*Stored data:*
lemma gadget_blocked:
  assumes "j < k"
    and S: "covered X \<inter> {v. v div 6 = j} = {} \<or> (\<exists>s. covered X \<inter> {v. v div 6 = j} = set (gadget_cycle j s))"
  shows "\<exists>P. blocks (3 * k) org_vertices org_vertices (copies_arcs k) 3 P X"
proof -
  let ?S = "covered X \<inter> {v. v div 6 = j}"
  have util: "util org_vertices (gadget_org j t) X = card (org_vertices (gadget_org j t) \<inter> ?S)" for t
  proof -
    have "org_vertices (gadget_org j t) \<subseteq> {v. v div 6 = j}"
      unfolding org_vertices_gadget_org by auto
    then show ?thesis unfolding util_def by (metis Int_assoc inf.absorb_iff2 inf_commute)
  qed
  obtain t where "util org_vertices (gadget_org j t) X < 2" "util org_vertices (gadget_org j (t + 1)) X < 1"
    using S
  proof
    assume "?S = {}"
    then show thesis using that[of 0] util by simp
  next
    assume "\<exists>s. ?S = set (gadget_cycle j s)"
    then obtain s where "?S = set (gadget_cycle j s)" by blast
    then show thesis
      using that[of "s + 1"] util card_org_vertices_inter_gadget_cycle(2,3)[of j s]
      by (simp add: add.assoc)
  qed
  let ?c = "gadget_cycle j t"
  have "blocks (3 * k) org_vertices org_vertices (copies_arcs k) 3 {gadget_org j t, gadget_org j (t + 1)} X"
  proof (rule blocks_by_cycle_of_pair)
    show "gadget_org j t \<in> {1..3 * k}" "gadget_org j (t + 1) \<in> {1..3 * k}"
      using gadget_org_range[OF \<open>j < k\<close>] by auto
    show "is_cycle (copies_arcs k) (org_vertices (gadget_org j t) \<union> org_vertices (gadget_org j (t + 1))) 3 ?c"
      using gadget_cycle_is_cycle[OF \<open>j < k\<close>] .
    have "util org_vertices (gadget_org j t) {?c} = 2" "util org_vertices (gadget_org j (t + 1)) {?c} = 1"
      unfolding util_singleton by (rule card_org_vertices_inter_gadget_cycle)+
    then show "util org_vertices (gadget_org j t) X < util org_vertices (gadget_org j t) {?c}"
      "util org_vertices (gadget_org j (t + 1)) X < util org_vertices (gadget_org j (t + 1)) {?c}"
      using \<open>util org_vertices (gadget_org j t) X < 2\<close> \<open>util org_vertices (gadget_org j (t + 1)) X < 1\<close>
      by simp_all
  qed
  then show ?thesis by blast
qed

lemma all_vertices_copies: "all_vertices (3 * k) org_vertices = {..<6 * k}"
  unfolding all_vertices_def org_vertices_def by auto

*Exercise requirements:* Every line above from the line with "then obtain s" to the line with "unfolding util_singleton by" is wanted, ends included; write them out exactly and add no other line.

*Task answer:*
    then obtain s where "?S = set (gadget_cycle j s)" by blast
    then show thesis
      using that[of "s + 1"] util card_org_vertices_inter_gadget_cycle(2,3)[of j s]
      by (simp add: add.assoc)
  qed
  let ?c = "gadget_cycle j t"
  have "blocks (3 * k) org_vertices org_vertices (copies_arcs k) 3 {gadget_org j t, gadget_org j (t + 1)} X"
  proof (rule blocks_by_cycle_of_pair)
    show "gadget_org j t \<in> {1..3 * k}" "gadget_org j (t + 1) \<in> {1..3 * k}"
      using gadget_org_range[OF \<open>j < k\<close>] by auto
    show "is_cycle (copies_arcs k) (org_vertices (gadget_org j t) \<union> org_vertices (gadget_org j (t + 1))) 3 ?c"
      using gadget_cycle_is_cycle[OF \<open>j < k\<close>] .
    have "util org_vertices (gadget_org j t) {?c} = 2" "util org_vertices (gadget_org j (t + 1)) {?c} = 1"
      unfolding util_singleton by (rule card_org_vertices_inter_gadget_cycle)+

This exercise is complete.